这是我参与11月更文挑战的第12天，活动详情查看：2021最后一次更文挑战。

(持续更新....)

什么是分词器

分词器 接受一个字符串作为输入，将这个字符串拆分成独立的词或 语汇单元（token） （可能会丢弃一些标点符号等字符），然后输出一个 语汇单元流（token stream） 。

全文搜索引擎会用某种算法对要建索引的文档进行分析，从文档中提取出若干Token(词元)，这些算法称为Tokenizer(分词器)，这些Token会被进一步处理，比如转成小写等，这些处理算法被称为Token Filter(词元处理器), 被处理后的结果被称为Term(词)，文档中包含了几个这样的Term被称为Frequency(词频)。引擎会建立Term和原文档的Inverted Index(倒排索引)，这样就能根据Term很快到找到源文档了。文本被Tokenizer处理前可能要做一些预处理，比如去掉里面的HTML标记，这些处理的算法被称为Character Filter(字符过滤器)，这整个的分析算法被称为Analyzer(分析器)

Analysis

Analysis：文本分析是把全文本转换一系列单词(term/token)的过程，也叫分词。

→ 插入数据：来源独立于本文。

lemma length_le_quot_length:
  assumes "is_ideal I" "length_le I UNIV k"
  shows "length_le I UNIV (quot_length I)"
  unfolding length_le_def
proof (intro allI impI)
  fix J :: "nat \<Rightarrow> 'a set" and n
  assume J: "\<forall>i\<le>n. is_ideal (J i) \<and> I \<subseteq> J i \<and> J i \<subseteq> UNIV" and mono: "\<forall>i<n. J i \<subseteq> J (Suc i)"
  define J' where "J' i = (if i = 0 then I else if i \<le> Suc n then J (i - 1) else UNIV)" for i
  have "J' i \<subseteq> J' (Suc i)" if "i < Suc (Suc n)" for i
  proof (cases i)
    case 0
    then show ?thesis using J by (simp add: J'_def)
  next
    case (Suc j)
    then show ?thesis using mono that by (cases "j < n") (auto simp: J'_def)
  qed
  moreover have "\<forall>i\<le>Suc (Suc n). is_ideal (J' i)"
    using J assms(1) by (auto simp: J'_def is_ideal_UNIV)
  ultimately have "card (strict_steps J' (Suc (Suc n))) \<le> quot_length I"
    using assms(2) by (intro card_strict_steps_le_quot_length) (simp_all add: J'_def)
  moreover have "Suc ` strict_steps J n \<subseteq> strict_steps J' (Suc (Suc n))"
    by (auto simp: J'_def)
  then have "card (strict_steps J n) \<le> card (strict_steps J' (Suc (Suc n)))"
    using card_mono[of _ "Suc ` strict_steps J n"] by (simp add: card_image)
  ultimately show "card (strict_steps J n) \<le> quot_length I"
    by linarith
qed

lemma quot_length_antimono:
  assumes "is_ideal A" "A \<subseteq> B" "length_le A UNIV k"
  shows "quot_length B \<le> quot_length A"
  using quot_length_le length_le_mono[OF length_le_quot_length[OF assms(1,3)] assms(2)] by blast
lemma length_le_plus_principals:
  assumes "maximal_ideal m" "is_ideal A" "\<forall>s\<in>set ss. \<forall>r\<in>m. r * s \<in> A"
  shows "length_le A (A + sum_principals ss) (length ss)"
  using assms(2,3)
proof (induction ss arbitrary: A)
  case Nil
  then show ?case by (simp add: length_le_refl)
next
  case (Cons s ss)
  let ?K = "A + principal_ideal s"
  have K: "is_ideal ?K" "A \<subseteq> ?K"
    using Cons.prems(1) is_ideal_plus is_ideal_principal_ideal ideal_plus_upper1 by blast+
  have "m \<subseteq> colon_ideal A s"
    using Cons.prems(2) unfolding colon_ideal_def by auto
  then have "length_le A ?K 1"
    using length_le_plus_principal length_le_maximal_ideal[OF assms(1)] by blast
  moreover have "length_le ?K (?K + sum_principals ss) (length ss)"
    using Cons.IH[OF K(1)] Cons.prems(2) K(2) by auto
  ultimately have "length_le A (?K + sum_principals ss) (1 + length ss)"
    by (rule length_le_add[OF K(1) is_ideal_plus[OF K(1) is_ideal_sum_principals] K(2)
          ideal_plus_upper1[OF is_ideal_sum_principals]])
  then show ?case
    by (simp add: add.assoc)
qed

Analysis是通过Analyzer来实现的。

当一个文档被索引时，每个Field都可能会创建一个倒排索引（Mapping可以设置不索引该Field）。

倒排索引的过程就是将文档通过Analyzer分成一个一个的Term,每一个Term都指向包含这个Term的文档集合。

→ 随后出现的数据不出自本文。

lemma has_real_derivative_partial_snd:
  fixes G :: "'a::real_normed_vector \<times> real \<Rightarrow> real"
  assumes "(G has_derivative L) (at (x', t))"
  shows "((\<lambda>s. G (x', s)) has_real_derivative L (0, 1)) (at t)"
proof -
  have "((\<lambda>s. G (x', s)) has_derivative (\<lambda>h. L (0, h))) (at t)"
    using has_derivative_compose[OF has_derivative_Pair[OF has_derivative_const has_derivative_ident] assms]
    by simp
  moreover have "(\<lambda>h. L (0, h)) = (*) (L (0, 1))"
  proof
    fix h :: real
    have "L (0, h) = L (h *\<^sub>R (0, 1))" by simp
    also have "\<dots> = L (0, 1) * h"
      by (simp only: linear_scale[OF has_derivative_linear[OF assms]] real_scaleR_def mult.commute)
    finally show "L (0, h) = L (0, 1) * h" .
  qed
  ultimately show ?thesis
    by (simp add: has_field_derivative_def)
qed

lemma differentiable_partial_snd:
  fixes G :: "'a::real_normed_vector \<times> real \<Rightarrow> real"
  assumes "G differentiable (at (x', t))"
  shows "(\<lambda>s. G (x', s)) differentiable (at t)"
  using assms has_real_derivative_partial_snd
  by (metis differentiable_def real_differentiable_def)

lemma sum_Basis_times_snd:
  fixes L :: "'a::euclidean_space \<times> real \<Rightarrow> real"
  assumes "linear L"
  shows "(\<Sum>e\<in>Basis. L e * snd e) = L (0, 1)"
proof -
  have "L (0, 1) = L (\<Sum>b\<in>Basis. ((0::'a, 1::real) \<bullet> b) *\<^sub>R b)"
    by (simp only: euclidean_representation)
  also have "\<dots> = (\<Sum>b\<in>Basis. L b * snd b)"
    using assms by (simp add: linear_sum linear_scale inner_prod_def mult.commute)
  finally show ?thesis by simp
qed

lemma has_real_derivative_exp_half_sint:
  assumes "continuous_on UNIV f"
  shows "((\<lambda>s. exp (sint 0 s f / 2)) has_real_derivative exp (sint 0 s f / 2) * (f s / 2)) (at s)"
  using sint_has_real_derivative[OF assms] by (auto intro!: derivative_eq_intros)

lemma deriv_psiN:
  assumes "continuous_on UNIV f"
  shows "deriv (psiN f) = (\<lambda>s. exp (sint 0 s f / 2))"
proof -
  have "continuous_on UNIV (\<lambda>s. exp (sint 0 s f / 2))"
    using has_real_derivative_exp_half_sint[OF assms]
    by (meson DERIV_isCont continuous_at_imp_continuous_on)
  from sint_has_real_derivative[OF this]
  show ?thesis
    unfolding psiN_def by (auto intro!: DERIV_imp_deriv)
qed

lemma deriv_psiN_lower_bound:
  assumes "continuous_on UNIV f"
  obtains m where "0 < m" and "\<And>t. t \<in> {a..b} \<Longrightarrow> m \<le> deriv (psiN f) t"
proof -
  have "continuous_on {a..b} (\<lambda>t. sint 0 t f)"
    using sint_has_real_derivative[OF assms]
    by (meson DERIV_isCont continuous_at_imp_continuous_on)
  then have "bounded ((\<lambda>t. sint 0 t f) ` {a..b})"
    by (intro compact_imp_bounded compact_continuous_image) auto
  then obtain B where B: "\<And>t. t \<in> {a..b} \<Longrightarrow> \<bar>sint 0 t f\<bar> \<le> B"
    unfolding bounded_iff real_norm_def by (meson image_eqI)
  show ?thesis
  proof (rule that)
    fix t assume "t \<in> {a..b}"
    then show "exp (- B / 2) \<le> deriv (psiN f) t"
      using B[of t] by (simp add: deriv_psiN[OF assms])
  qed simp
qed

lemma Re_p_psi:
  "Re (p_psi g f x \<eta>) = (snd \<eta>)\<^sup>2 - (deriv (psiN f) (snd x))\<^sup>2 + g (snd x) (fst x) (fst \<eta>) - g (snd x) (fst x) 0"
  unfolding p_psi_def p_fermi_def qcomplex_def by (simp add: power2_eq_square)

lemma Im_p_psi:
  "Im (p_psi g f x \<eta>) = 2 * snd \<eta> * deriv (psiN f) (snd x)"
  unfolding p_psi_def p_fermi_def qcomplex_def by (simp add: power2_eq_square)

当查询query时，Elasticsearch会根据搜索类型决定是否对query进行analyze，然后和倒排索引中的term进行相关性查询，匹配相应的文档。

Analyzer

分析器（analyzer）都由三种构件块组成的：characterfilters ， tokenizers ， token filters。

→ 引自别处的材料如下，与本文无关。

(* Consider the setting described in the context, and assume A1–A5. A sequence of alternatives $f_n$ with $cn^{-r}<\|f_n\|<Cn^{-r}$ (constants $0<c<C$) is purely $n^{-r}$-consistent if and only if for every $n^{-r}$-inconsistent subsequence of alternatives $f_{1n_i}$ (with $n_i\to\infty$) one has $$\|f_{n_i}+f_{1n_i}\|^2=\|f_{n_i}\|^2+\|f_{1n_i}\|^2+o(n_i^{-r})\quad\text{as }i\to\infty .$$
   Context: Fix $\sigma>0$, $0<r<1/2$ and an orthonormal basis $(\phi_j)_{j\ge1}$ of $\mathbb{L}_2(0,1)$. For each $n$ one observes $dY_n(t)=f(t)\,dt+\sigma n^{-1/2}dw(t)$, equivalently $y_j=\theta_j+\sigma n^{-1/2}\xi_j$, $\theta_j=\int_0^1f\phi_j$, $\xi_j$ i.i.d. $N(0,1)$; $H_0:f=0$. Weights $\kappa_{nj}^2\ge0$, $\rho_n=\sum_j\kappa_{nj}^2$, $T_n(Y_n)=\sum_j\kappa_{nj}^2y_j^2-\sigma^2n^{-1}\rho_n$, $k_n=\sup\{k:\sum_{j<k}\kappa_{nj}^2\le\rho_n/2\}$, $\kappa_n^2=\kappa_{nk_n}^2$. Assumptions: (A1) $j\mapsto\kappa_{nj}^2$ decreasing; (A2) $C_1<\sigma^{-4}n^2\sum_j\kappa_{nj}^4<C_2$; (A3) $c_1n^{-2r}\le\rho_n\le c_2n^{-2r}$; (A4) $\exists C_1>0,\lambda>1$: $\kappa^2_{n,[(1+\delta)k_n]}<C_1(1+\delta)^{-\lambda}\kappa_n^2$ for all $\delta>0,n$; (A5) $\kappa_{n1}^2\asymp\kappa_n^2$ and for each $c>1$ there is $C>0$ with $\kappa^2_{n,[ck_n]}\ge C\kappa_n^2$. A test generated by $T_n$ rejects $H_0$ iff $T_n$ exceeds a threshold. A (sub)sequence $f_{n_i}$ is consistent if for every $\alpha\in(0,1)$ and every sequence of tests $K_{n_i}$ generated by $T_{n_i}$ with $\alpha(K_{n_i})=\alpha(1+o(1))$, $\limsup_i\beta(K_{n_i},f_{n_i})<1-\alpha$; inconsistent if for every sequence of tests $K_{n_i}$ generated by $T_{n_i}$, $\liminf_i(\alpha(K_{n_i})+\beta(K_{n_i},f_{n_i}))\ge1$. It is $n^{-r}$-consistent (resp. $n^{-r}$-inconsistent) if it is consistent (resp. inconsistent) and $cn_i^{-r}<\|f_{n_i}\|<Cn_i^{-r}$ for some $0<c<C$. An $n^{-r}$-consistent $f_n$ is purely $n^{-r}$-consistent if there is no subsequence with $f_{n_i}=f_{1n_i}+f_{2n_i}$, $f_{2n_i}\perp f_{1n_i}$, $\|f_{2n_i}\|>c_1n_i^{-r}$ for some $c_1>0$, and $f_{2n_i}$ inconsistent. *)

theory Defs
  imports "HOL-Probability.Probability"
begin

text \<open>A signal f is represented by its coefficient sequence
  theta (theta j = <f, phi_(j+1)>, j = 0,1,2,... ; 0-based), which is an isometry
  L2(0,1) -> l2. Weights: w n j = kappa^2_(n,j+1) (0-based), i.e. the paper's
  1-based weight kappa^2_(n,m) is w n (m - 1).\<close>

definition l2 :: "(nat \<Rightarrow> real) \<Rightarrow> bool" where
  "l2 \<theta> \<longleftrightarrow> summable (\<lambda>j. (\<theta> j)\<^sup>2)"

definition nrm :: "(nat \<Rightarrow> real) \<Rightarrow> real" where
  "nrm \<theta> = sqrt (\<Sum>j. (\<theta> j)\<^sup>2)"

definition inr :: "(nat \<Rightarrow> real) \<Rightarrow> (nat \<Rightarrow> real) \<Rightarrow> real" where
  "inr \<theta> \<eta> = (\<Sum>j. \<theta> j * \<eta> j)"

definition gauss :: "(nat \<Rightarrow> real) measure" where
  "gauss = PiM UNIV (\<lambda>_. density lborel std_normal_density)"

definition rho :: "(nat \<Rightarrow> nat \<Rightarrow> real) \<Rightarrow> nat \<Rightarrow> real" where
  "rho w n = (\<Sum>j. w n j)"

character filter 字符过滤器；在一段文本进行分词之前，先进行预处理，比如过滤html标签。

tokenizers 分词器；英文分词可以根据空格将单词分开,中文分词比较复杂,可以采用机器学习算法来分词。

Token filters Token过滤器；将切分的单词进行加工。大小写转换（例将“Quick”转为小写），去掉词（例如停用词像“a”、“and”、“the”等等），或者增加词（例如同义词像“jump”和“leap”）。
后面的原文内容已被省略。